• **Exercise data**
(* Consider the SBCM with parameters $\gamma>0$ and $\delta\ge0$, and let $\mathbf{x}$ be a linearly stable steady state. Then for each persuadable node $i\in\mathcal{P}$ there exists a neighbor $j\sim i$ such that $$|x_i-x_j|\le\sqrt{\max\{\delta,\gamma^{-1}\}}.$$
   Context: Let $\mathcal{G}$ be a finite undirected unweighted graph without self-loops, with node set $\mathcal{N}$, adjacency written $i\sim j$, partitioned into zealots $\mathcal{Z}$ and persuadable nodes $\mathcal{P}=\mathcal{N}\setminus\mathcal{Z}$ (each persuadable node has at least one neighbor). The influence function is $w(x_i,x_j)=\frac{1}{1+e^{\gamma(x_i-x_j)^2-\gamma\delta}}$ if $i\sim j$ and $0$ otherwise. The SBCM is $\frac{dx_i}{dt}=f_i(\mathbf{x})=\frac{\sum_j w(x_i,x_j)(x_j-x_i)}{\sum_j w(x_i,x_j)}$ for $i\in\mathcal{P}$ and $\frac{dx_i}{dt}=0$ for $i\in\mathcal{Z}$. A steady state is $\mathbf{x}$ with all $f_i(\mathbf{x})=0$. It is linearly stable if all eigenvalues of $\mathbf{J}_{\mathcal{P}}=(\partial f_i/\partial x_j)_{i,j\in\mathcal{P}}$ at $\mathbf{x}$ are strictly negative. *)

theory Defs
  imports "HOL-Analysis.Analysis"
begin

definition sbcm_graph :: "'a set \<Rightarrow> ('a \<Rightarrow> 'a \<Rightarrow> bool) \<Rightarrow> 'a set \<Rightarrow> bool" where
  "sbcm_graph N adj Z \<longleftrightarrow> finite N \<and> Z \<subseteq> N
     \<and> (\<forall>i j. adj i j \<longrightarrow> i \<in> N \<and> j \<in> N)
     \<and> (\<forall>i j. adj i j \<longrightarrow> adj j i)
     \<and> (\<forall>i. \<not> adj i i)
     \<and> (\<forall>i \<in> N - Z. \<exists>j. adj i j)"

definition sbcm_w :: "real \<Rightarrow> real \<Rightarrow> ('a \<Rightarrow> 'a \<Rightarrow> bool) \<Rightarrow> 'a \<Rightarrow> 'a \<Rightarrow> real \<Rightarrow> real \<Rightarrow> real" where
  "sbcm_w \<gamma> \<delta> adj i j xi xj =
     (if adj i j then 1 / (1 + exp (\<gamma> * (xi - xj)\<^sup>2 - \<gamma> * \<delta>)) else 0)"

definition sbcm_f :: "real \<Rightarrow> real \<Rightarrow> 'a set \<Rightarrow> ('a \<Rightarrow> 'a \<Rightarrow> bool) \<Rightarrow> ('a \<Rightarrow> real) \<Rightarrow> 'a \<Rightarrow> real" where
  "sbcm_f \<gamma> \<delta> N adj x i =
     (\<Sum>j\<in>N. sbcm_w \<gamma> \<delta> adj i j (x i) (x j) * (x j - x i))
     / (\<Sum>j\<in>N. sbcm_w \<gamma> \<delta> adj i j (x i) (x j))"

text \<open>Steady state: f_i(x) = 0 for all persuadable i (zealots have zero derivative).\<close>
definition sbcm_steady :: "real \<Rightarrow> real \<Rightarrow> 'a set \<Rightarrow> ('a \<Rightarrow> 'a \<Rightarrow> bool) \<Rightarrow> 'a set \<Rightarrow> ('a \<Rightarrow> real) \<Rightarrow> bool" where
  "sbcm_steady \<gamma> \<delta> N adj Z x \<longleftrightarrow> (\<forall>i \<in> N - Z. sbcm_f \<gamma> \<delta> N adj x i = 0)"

* * *

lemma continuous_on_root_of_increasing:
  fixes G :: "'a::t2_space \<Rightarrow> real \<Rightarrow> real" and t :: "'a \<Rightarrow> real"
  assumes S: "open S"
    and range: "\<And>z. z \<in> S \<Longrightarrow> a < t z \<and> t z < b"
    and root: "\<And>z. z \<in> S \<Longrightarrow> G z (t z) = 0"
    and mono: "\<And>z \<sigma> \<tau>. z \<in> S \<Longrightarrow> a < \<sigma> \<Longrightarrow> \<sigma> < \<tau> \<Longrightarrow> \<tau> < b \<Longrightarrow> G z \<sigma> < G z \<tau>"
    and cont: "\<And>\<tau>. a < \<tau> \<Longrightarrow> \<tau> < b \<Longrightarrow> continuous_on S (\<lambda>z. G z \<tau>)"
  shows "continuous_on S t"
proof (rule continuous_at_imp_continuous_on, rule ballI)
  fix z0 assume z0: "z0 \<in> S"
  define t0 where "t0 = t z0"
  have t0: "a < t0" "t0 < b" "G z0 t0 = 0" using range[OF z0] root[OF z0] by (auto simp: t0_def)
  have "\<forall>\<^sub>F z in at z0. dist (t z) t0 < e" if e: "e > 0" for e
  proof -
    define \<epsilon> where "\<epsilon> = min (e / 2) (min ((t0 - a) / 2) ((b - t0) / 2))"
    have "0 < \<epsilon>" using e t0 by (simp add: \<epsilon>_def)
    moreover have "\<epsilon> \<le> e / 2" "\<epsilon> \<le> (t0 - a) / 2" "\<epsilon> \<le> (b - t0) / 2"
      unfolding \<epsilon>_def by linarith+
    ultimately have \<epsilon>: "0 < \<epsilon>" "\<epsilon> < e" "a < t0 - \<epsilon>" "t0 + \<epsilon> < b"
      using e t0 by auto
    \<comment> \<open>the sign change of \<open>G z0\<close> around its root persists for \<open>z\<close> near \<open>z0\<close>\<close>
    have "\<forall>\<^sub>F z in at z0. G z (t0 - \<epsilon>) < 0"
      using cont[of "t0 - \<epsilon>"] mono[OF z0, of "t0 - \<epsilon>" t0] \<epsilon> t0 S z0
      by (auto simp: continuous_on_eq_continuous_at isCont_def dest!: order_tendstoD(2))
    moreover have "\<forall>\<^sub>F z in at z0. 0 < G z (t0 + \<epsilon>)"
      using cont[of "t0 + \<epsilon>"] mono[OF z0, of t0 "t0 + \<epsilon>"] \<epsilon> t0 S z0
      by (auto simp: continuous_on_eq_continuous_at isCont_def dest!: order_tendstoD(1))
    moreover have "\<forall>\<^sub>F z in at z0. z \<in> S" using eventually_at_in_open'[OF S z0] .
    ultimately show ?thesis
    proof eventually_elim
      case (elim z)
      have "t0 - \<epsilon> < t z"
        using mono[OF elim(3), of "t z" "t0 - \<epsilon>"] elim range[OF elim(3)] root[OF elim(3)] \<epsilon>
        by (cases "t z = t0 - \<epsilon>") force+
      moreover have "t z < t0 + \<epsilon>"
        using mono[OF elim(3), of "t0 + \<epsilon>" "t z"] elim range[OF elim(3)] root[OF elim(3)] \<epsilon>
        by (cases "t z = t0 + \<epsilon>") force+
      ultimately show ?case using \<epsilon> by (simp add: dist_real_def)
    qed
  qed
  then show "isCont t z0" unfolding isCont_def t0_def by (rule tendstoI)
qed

--

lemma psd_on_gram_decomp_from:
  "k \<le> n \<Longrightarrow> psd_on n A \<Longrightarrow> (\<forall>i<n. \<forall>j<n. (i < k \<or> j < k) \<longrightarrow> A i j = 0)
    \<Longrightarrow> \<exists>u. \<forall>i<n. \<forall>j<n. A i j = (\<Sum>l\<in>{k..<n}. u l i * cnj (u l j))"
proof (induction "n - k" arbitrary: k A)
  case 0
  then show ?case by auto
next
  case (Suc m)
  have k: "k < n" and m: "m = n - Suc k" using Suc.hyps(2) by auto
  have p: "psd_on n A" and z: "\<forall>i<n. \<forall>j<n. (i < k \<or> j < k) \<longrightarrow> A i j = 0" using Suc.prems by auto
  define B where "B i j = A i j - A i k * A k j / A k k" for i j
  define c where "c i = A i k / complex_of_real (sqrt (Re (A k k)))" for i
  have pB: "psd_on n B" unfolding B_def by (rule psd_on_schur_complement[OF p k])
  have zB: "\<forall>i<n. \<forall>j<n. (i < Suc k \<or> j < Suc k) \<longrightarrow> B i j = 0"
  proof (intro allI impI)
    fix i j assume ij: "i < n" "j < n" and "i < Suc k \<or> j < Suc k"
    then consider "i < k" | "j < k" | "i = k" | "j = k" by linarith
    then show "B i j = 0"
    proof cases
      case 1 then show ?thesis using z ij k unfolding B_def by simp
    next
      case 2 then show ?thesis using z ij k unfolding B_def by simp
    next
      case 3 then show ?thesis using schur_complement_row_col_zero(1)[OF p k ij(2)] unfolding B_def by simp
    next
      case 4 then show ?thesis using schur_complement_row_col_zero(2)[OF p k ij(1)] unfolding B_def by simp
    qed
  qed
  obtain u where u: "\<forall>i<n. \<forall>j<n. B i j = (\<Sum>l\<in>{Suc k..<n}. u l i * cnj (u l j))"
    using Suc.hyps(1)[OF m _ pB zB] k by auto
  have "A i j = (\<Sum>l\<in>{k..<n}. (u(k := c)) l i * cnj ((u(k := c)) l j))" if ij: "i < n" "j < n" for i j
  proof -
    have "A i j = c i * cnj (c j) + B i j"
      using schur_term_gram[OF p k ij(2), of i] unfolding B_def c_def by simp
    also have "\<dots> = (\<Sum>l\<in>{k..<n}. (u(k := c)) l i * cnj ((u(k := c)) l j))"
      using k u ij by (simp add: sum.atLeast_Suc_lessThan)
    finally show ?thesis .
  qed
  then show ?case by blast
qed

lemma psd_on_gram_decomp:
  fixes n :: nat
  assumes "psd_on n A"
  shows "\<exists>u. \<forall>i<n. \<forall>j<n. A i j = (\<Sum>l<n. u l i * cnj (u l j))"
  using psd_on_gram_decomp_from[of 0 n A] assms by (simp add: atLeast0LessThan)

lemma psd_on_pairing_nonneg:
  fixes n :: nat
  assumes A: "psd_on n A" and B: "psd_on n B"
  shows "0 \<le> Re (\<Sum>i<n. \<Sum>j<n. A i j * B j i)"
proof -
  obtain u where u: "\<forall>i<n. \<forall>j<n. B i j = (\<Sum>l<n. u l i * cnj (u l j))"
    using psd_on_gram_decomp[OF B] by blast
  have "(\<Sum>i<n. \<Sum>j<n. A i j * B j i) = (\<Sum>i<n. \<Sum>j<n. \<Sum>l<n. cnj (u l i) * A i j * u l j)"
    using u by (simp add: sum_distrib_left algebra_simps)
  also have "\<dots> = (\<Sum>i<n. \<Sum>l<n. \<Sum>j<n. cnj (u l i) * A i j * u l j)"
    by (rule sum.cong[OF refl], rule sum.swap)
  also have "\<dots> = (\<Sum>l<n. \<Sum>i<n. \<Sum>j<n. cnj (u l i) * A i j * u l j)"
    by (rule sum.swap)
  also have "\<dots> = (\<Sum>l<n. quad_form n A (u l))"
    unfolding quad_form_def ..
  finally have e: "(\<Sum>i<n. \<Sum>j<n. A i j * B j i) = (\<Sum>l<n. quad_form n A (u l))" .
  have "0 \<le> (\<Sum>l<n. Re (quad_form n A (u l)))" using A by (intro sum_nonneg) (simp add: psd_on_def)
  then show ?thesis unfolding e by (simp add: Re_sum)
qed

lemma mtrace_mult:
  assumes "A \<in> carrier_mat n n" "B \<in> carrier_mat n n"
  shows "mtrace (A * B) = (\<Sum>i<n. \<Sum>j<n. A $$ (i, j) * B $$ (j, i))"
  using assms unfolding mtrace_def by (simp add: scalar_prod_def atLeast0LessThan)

• **Your assignment**
Of the records above, copy each line that includes "shows".

• **Solved exercise**
  shows "continuous_on S t"
  shows "\<exists>u. \<forall>i<n. \<forall>j<n. A i j = (\<Sum>l<n. u l i * cnj (u l j))"
  shows "0 \<le> Re (\<Sum>i<n. \<Sum>j<n. A i j * B j i)"
  shows "mtrace (A * B) = (\<Sum>i<n. \<Sum>j<n. A $$ (i, j) * B $$ (j, i))"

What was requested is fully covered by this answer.